Он не почувствовал прикосновения пальцев. Наверное, ладони совсем закалились от оружия и работы, а девичьи пальчики были, как оботурий подшёрсток, неощутимые, невесомые.
«Сыграй мне на кугиклах, – попросила она. – Я петь стану».
Ворон послушно заиграл. Повёл голосницу нежнее и чище всех, что удавались доселе. Кугиклы шептали дождём на крыше клети, ворковали птицей у гнезда, взмывали сквозь тучи к небу, синему, солнечному, полузабытому.
Девушка послушала, покивала… и не то чтобы запела – стала говорить, веско, неспешно, как положено ворожее.
Дудочка песню поёт о надежде…
Губ, прославляющих радость и страсть,
Трижды коснётся Владычица, прежде
Чем поцелуем скрепить Свою власть.
Сможешь за правду и прежнее дружество
Выйти на рать?
Хватит ли совести, хватит ли мужества,
Чтоб не предать?
Горем и болью наполнится время,
Дрогнет душа над последней чертой,
Но расточится жестокое бремя
Чудом и подвигом песни простой.
Тучи сугробами, ясное небо ли –
Свёрстаны дни.
Ясность от морока, правду от небыли
Отъедини!
За окоёмом, где стынут утёсы,
Счастье вершит лебединый полёт.
Радужный блик озаряет торосы…
Дудочка песню во мраке поёт.
Примешь ли стрелы судьбы неминучие
Дома вдали,
Чтобы другие, бесскверные, лучшие,
Дальше пошли?
«Ух ты! – восхитился Ворон. Из всего сказанного было понятно лишь про дудку во мраке: ворожея как-то дозналась о его странствиях по крепостным подземельям. – Это уж туману не на четыре таймени! На все тридцать три! Истолкуй хоть малость, чтобы мне знать!»
Ответа не было.
«Ты кого, желанный, зовёшь? – подняла голову толстая тётка, сидевшая над пёстрыми камешками. – Не было тут никакой девки. И Тарашечки нету, выгнал его какой-то захожень. И тебя я не помню…»

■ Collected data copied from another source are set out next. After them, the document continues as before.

(* Let $\mathbb{F}$ be a field of characteristic not $2$, let $V=\mathrm{span}\{u,v\}$ with a symmetric bilinear form $B$ satisfying $B(u,u)=B(v,v)=1$, $B(u,v)=\delta$, and let $\mathfrak{S}(\delta)=\mathbb{F}\oplus V$ with product $(\alpha+x)(\beta+y)=(\alpha\beta+B(x,y))+(\alpha y+\beta x)$ and Frobenius form $(\alpha+x,\beta+y)=2\alpha\beta+2B(x,y)$. Suppose $\delta\neq\pm1$ and that $\mathbb{F}$ contains the roots $\zeta,\zeta^{-1}$ of $x^2-2\delta x+1$. Then: (a) $\mathfrak{S}(\delta)$ contains exactly two $1$-dimensional nilpotent subalgebras $\mathbb{F}s$ and $\mathbb{F}t$ (i.e. $s^2=0=t^2$), and both lie in $V$; (b) $s,1,t$ form a basis of $\mathfrak{S}(\delta)$; moreover, if $s$ and $t$ are scaled so that $(s,t)=\frac14$ (equivalently $B(s,t)=\frac18$), then the idempotents of $\mathfrak{S}(\delta)$ are exactly $0$, $1$, and the elements $\xi s+\frac12+\xi^{-1}t$ for $\xi\in\mathbb{F}\setminus\{0\}$.
   Context: Here $1$ denotes the element $1+0$ of $\mathbb{F}\oplus V$, which is the identity of $\mathfrak{S}(\delta)$. *)

theory Defs
  imports Main
begin

text \<open>An element
  (al, a, b) stands for al*1 + a*u + b*v.  Since delta ~= +-1 the Gram matrix of B
  on {u,v} is nonsingular, so u, v are linearly independent and V = F^2.\<close>

type_synonym 'a salg = "'a \<times> 'a \<times> 'a"

definition Bf :: "'a::field \<Rightarrow> 'a \<times> 'a \<Rightarrow> 'a \<times> 'a \<Rightarrow> 'a" where
  "Bf \<delta> x y = (case x of (a, b) \<Rightarrow> case y of (c, d) \<Rightarrow>
      a * c + b * d + \<delta> * (a * d + b * c))"

definition smul :: "'a::field \<Rightarrow> 'a salg \<Rightarrow> 'a salg \<Rightarrow> 'a salg" where
  "smul \<delta> x y = (case x of (al, a, b) \<Rightarrow> case y of (be, c, d) \<Rightarrow>
      (al * be + Bf \<delta> (a, b) (c, d), al * c + be * a, al * d + be * b))"

definition sone :: "'a::field salg" where "sone = (1, 0, 0)"

definition sscale :: "'a::field \<Rightarrow> 'a salg \<Rightarrow> 'a salg" where
  "sscale c x = (case x of (al, a, b) \<Rightarrow> (c * al, c * a, c * b))"

definition sadd :: "'a::field salg \<Rightarrow> 'a salg \<Rightarrow> 'a salg" where
  "sadd x y = (case x of (al, a, b) \<Rightarrow> case y of (be, c, d) \<Rightarrow> (al + be, a + c, b + d))"

definition frob :: "'a::field \<Rightarrow> 'a salg \<Rightarrow> 'a salg \<Rightarrow> 'a" where
  "frob \<delta> x y = (case x of (al, a, b) \<Rightarrow> case y of (be, c, d) \<Rightarrow>
      2 * al * be + 2 * Bf \<delta> (a, b) (c, d))"

definition Vsp :: "'a::field salg set" where "Vsp = {x. fst x = 0}"

definition line :: "'a::field salg \<Rightarrow> 'a salg set" where
  "line s = {sscale c s | c. True}"

definition nil1_subalg :: "'a::field \<Rightarrow> 'a salg set \<Rightarrow> bool" where
  "nil1_subalg \<delta> W \<longleftrightarrow> (\<exists>s. s \<noteq> (0, 0, 0) \<and> W = line s) \<and>
     (\<forall>x\<in>W. \<forall>y\<in>W. smul \<delta> x y \<in> W) \<and>
     (\<forall>x\<in>W. \<forall>y\<in>W. smul \<delta> x y = (0, 0, 0))"

definition is_basis3 :: "'a::field salg \<Rightarrow> 'a salg \<Rightarrow> 'a salg \<Rightarrow> bool" where
  "is_basis3 x y z \<longleftrightarrow>
     (\<forall>a b c. sadd (sscale a x) (sadd (sscale b y) (sscale c z)) = (0, 0, 0)
        \<longrightarrow> a = 0 \<and> b = 0 \<and> c = 0) \<and>
     (\<forall>w. \<exists>a b c. w = sadd (sscale a x) (sadd (sscale b y) (sscale c z)))"

definition idempotents :: "'a::field \<Rightarrow> 'a salg set" where
  "idempotents \<delta> = {e. smul \<delta> e e = e}"

end

theory Submission
  imports Defs
begin

(* An element \<alpha> + x squares to (\<alpha>\<^sup>2 + B(x,x)) + 2\<alpha>x, so in characteristic not 2 it
   squares to zero iff \<alpha> = 0 and x is B-isotropic, and the idempotents other than 0 and 1
   are exactly the elements 1/2 + x with B(x,x) = 1/4.  A root \<zeta> of x\<^sup>2 - 2\<delta>x + 1 factors
   B(au + bv, au + bv) = (a + \<zeta>b)(a + \<zeta>\<inverse>b), and \<zeta> \<noteq> \<zeta>\<inverse> because \<delta> \<noteq> \<plusminus>1, so V has
   exactly two isotropic lines F s and F t, and s, t span V.  Writing x = p s + q t gives
   B(x,x) = 2pq B(s,t) = pq/4 under the normalisation, so B(x,x) = 1/4 iff q = p\<inverse>. *)

lemma smul_self:
  "smul \<delta> (\<alpha>, a, b) (\<alpha>, a, b) = (\<alpha> * \<alpha> + Bf \<delta> (a, b) (a, b), 2 * \<alpha> * a, 2 * \<alpha> * b)"
  by (simp add: smul_def mult_2 algebra_simps)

Ворону открыть бы глаза через сутки, не раньше, но какое! Он то и дело вскидывался, сбрасывал с головы куколь. Ему снилось: учитель снарядился в путь без него. Обратно в Чёрную Пятерь… Или, что гораздо хуже, в Шегардай. Переделывать за нерадивцем-учеником… выправлять, что он накривил… обрекать себя на погибель…
Во сне Ворон принимался метаться, испуганно и бестолково. Просыпался – переводил дух. Ну ушёл, вот беда-то?.. Почему не догнать?.. Да и предупредил бы его кто-нибудь, хоть та же Шурга. Ветер, конечно, откуда угодно мог уйти незамеченным, но стал бы он красться из Ворги лишь для того, чтобы ещё так наказать опалённого ученика?
Сон окончательно разлетелся, когда к двери подошли с той стороны. Хозяйского сынишку Ворон встретил уже стоя, готовый немедленно хватать лыжи и мчаться.
– Спит твой наставник, – сказал Тремилко. – Я доглядывал.
Вместе они вывели и накормили всех собак. Ворон не без благоговения взял на поводок Звонку, кормилицу маленького Другони. Огромная, полная материнского достоинства белая сука придирчиво обнюхала его руки, одежду. И пошла себе рядом, признав за своего. Посмотрела на дочку, липнувшую к валенкам дикомыта. Заглянула ему в глаза…
«Щеня береги!»
Ворон привык слушать Рыжика, поэтому услыхал и её. Тошнотворный ужас опалы навалился хуже вчерашнего.
«Эх, мамка… Я наказа учителя не выполнил… и твоего теперь выполнить не смогу…»
Звонка вздохнула, лизнула ему пальцы, спокойно отошла нюхать утоптанный другими собаками снег. Поняла ли? А может, знала что-то такое, о чём Ворон и догадаться не умел?.. Хозяйский сынишка вывел Парата, сурового, сивогривого. Звонка мигом сбросила десять прожитых лет, гибкой струйкой переметени юркнула к нему, затеяла играть. Парат чихнул, заулыбался.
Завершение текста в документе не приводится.